Eso es lo que él siempre me dice (con voz de macho homofóbico): "Los putos quieren sentirse mujer". Ay, amigo, cómo quisiera que me trates como a una de esas putas baratas que te cojés, que me revientes el orto con esa pija que cada puta noche me imagino. Cómo quisiera olerte ese bulto enorme que tenés. ¿Tan grande tenías que tener el bulto, papá? ¿Tan gruesa tenés esa verga?
Yo sé que la tiene grande. No porque se la haya visto. Ojalá. Ojalá algún día pueda contarles cada detalle de ese pene gordo lleno de leche, lleno de personalidad. Ahora les voy a contar por qué sé que la tiene grande. La tiene grande porque siempre me dice... "Mi chota está más dura que esto (tratando de abrir un frasco)", "Mi viejo tiene alto peceto", "Si me la ves, me vas a envidiar la pistola", y "En el sexo a mí me gusta probar todo".
Epa.
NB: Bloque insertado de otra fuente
(* Let $M,N$ be weights of $\mathbb{R}^m,\mathbb{R}^n$, let $A\in\mathbb{R}^{m\times n}$ with $MA=AN$, and let $K\subseteq\mathbb{R}^n$ be a closed cone. If $$(A^{[*]}\circ A)^{[\dagger]}\circ K^{[*]}\subseteq K+\mathcal{N}(A\circ I),$$ then $$K^{[*]}\cap\mathcal{R}\big((A\circ I)^{[*]}\big)\subseteq A^{[*]}\circ A\circ K+\mathcal{N}(A\circ I).$$
   Context: A weight is a real symmetric matrix $W$ with $W^2=I$. $\mathbb{R}^m$ and $\mathbb{R}^n$ carry weights $M\in\mathbb{R}^{m\times m}$ and $N\in\mathbb{R}^{n\times n}$, respectively. The indefinite inner product on the space with weight $W$ is $[x,y]=\langle x,Wy\rangle$. Indefinite matrix product: if $B$ has $p$ columns and $C$ has $p$ rows (or is a vector in $\mathbb{R}^p$), $p\in\{m,n\}$, and $W$ is the weight of $\mathbb{R}^p$, then $B\circ C:=BWC$. $I$ denotes an identity matrix of the appropriate size. Indefinite adjoint of $B\in\mathbb{R}^{p\times q}$: $B^{[*]}:=W_qB^TW_p$, where $W_p,W_q$ are the weights of $\mathbb{R}^p,\mathbb{R}^q$. Indefinite Moore–Penrose inverse: for $B\in\mathbb{R}^{p\times q}$, $B^{[\dagger]}$ is the unique $X\in\mathbb{R}^{q\times p}$ such that - $B\circ X\circ B=B$, - $X\circ B\circ X=X$, - $(B\circ X)^{[*]}=B\circ X$, - $(X\circ B)^{[*]}=X\circ B$. It equals $W_qB^\dagger W_p$. Range and null space: for a matrix $B$ with $q$ columns, $\mathcal{R}(B)=\{B\circ x:x\in\mathbb{R}^q\}$ and $\mathcal{N}(B)=\{x\in\mathbb{R}^q:B\circ x=0\}$. A cone is a nonempty set closed under addition and under multiplication by nonnegative scalars. For $S$ a subset of $\mathbb{R}^p$ with weight $W$, the dual is $S^{[*]}=\{x\in\mathbb{R}^p:[x,t]\ge0\ \forall t\in S\}$. For a matrix $B$ and a set $S$, $B\circ S=\{B\circ s:s\in S\}$. The sum of sets is the Minkowski sum. *)

theory Defs
  imports "HOL-Analysis.Analysis"
begin

definition weight :: "real^'p^'p \<Rightarrow> bool" where
  "weight W \<longleftrightarrow> transpose W = W \<and> W ** W = mat 1"

text \<open>Indefinite matrix product B o C := B W C, where W is the weight of the
  space indexed by the columns of B (= rows of C).\<close>
definition iprod :: "real^'p^'p \<Rightarrow> real^'p^'r \<Rightarrow> real^'q^'p \<Rightarrow> real^'q^'r" where
  "iprod W B C = B ** W ** C"

definition iprodv :: "real^'p^'p \<Rightarrow> real^'p^'r \<Rightarrow> real^'p \<Rightarrow> real^'r" where
  "iprodv W B x = B *v (W *v x)"

definition iadj :: "real^'p^'p \<Rightarrow> real^'q^'q \<Rightarrow> real^'q^'p \<Rightarrow> real^'p^'q" where
  "iadj Wp Wq B = Wq ** transpose B ** Wp"

definition impinv :: "real^'p^'p \<Rightarrow> real^'q^'q \<Rightarrow> real^'q^'p \<Rightarrow> real^'p^'q" where
  "impinv Wp Wq B = (THE X.
      iprod Wp (iprod Wq B X) B = B \<and>
      iprod Wq (iprod Wp X B) X = X \<and>
      iadj Wp Wp (iprod Wq B X) = iprod Wq B X \<and>
      iadj Wq Wq (iprod Wp X B) = iprod Wp X B)"

definition irange :: "real^'q^'q \<Rightarrow> real^'q^'p \<Rightarrow> (real^'p) set" where
  "irange Wq B = {iprodv Wq B x | x. True}"

definition inull :: "real^'q^'q \<Rightarrow> real^'q^'p \<Rightarrow> (real^'q) set" where
  "inull Wq B = {x. iprodv Wq B x = 0}"

definition is_cone :: "(real^'p) set \<Rightarrow> bool" where
  "is_cone K \<longleftrightarrow> K \<noteq> {} \<and> (\<forall>x\<in>K. \<forall>y\<in>K. x + y \<in> K) \<and>
                 (\<forall>c::real. c \<ge> 0 \<longrightarrow> (\<forall>x\<in>K. c *\<^sub>R x \<in> K))"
Sé que esa frase los descolocó. Y cuando yo la escuché también. Me dejó pensando. ¿Pensando en qué? ¿Qué me quiso decir ese macho prohibido que hasta entonces yo creí que no tenía ni la más remota chance? Bueno, hasta ese momento lo tenía prohibido. Reprimido. Siempre me recontra calentó, pero nunca quise engancharme porque sabía que le gustaban las minas. Pero desde esa frase dejó abierta una posibilidad (y mi cola, después de mucho tiempo, también se abrió). Y no fue la única cosa que pasó.
Todo está subiendo poco a poco de tono. Él (y siempre él) está subiendo la apuesta. Está buscándome cada vez más. Por eso hice este blog. Para contarles la fantasía más grande de mi vida. Para contarles todo.
Todavía no pasó nada. Este fin de semana va a venir a casa. Prometimos ponernos borrachos porque se me termina una semana de vacaciones. Ojalá se me dé. Nos vemos a la vuelta.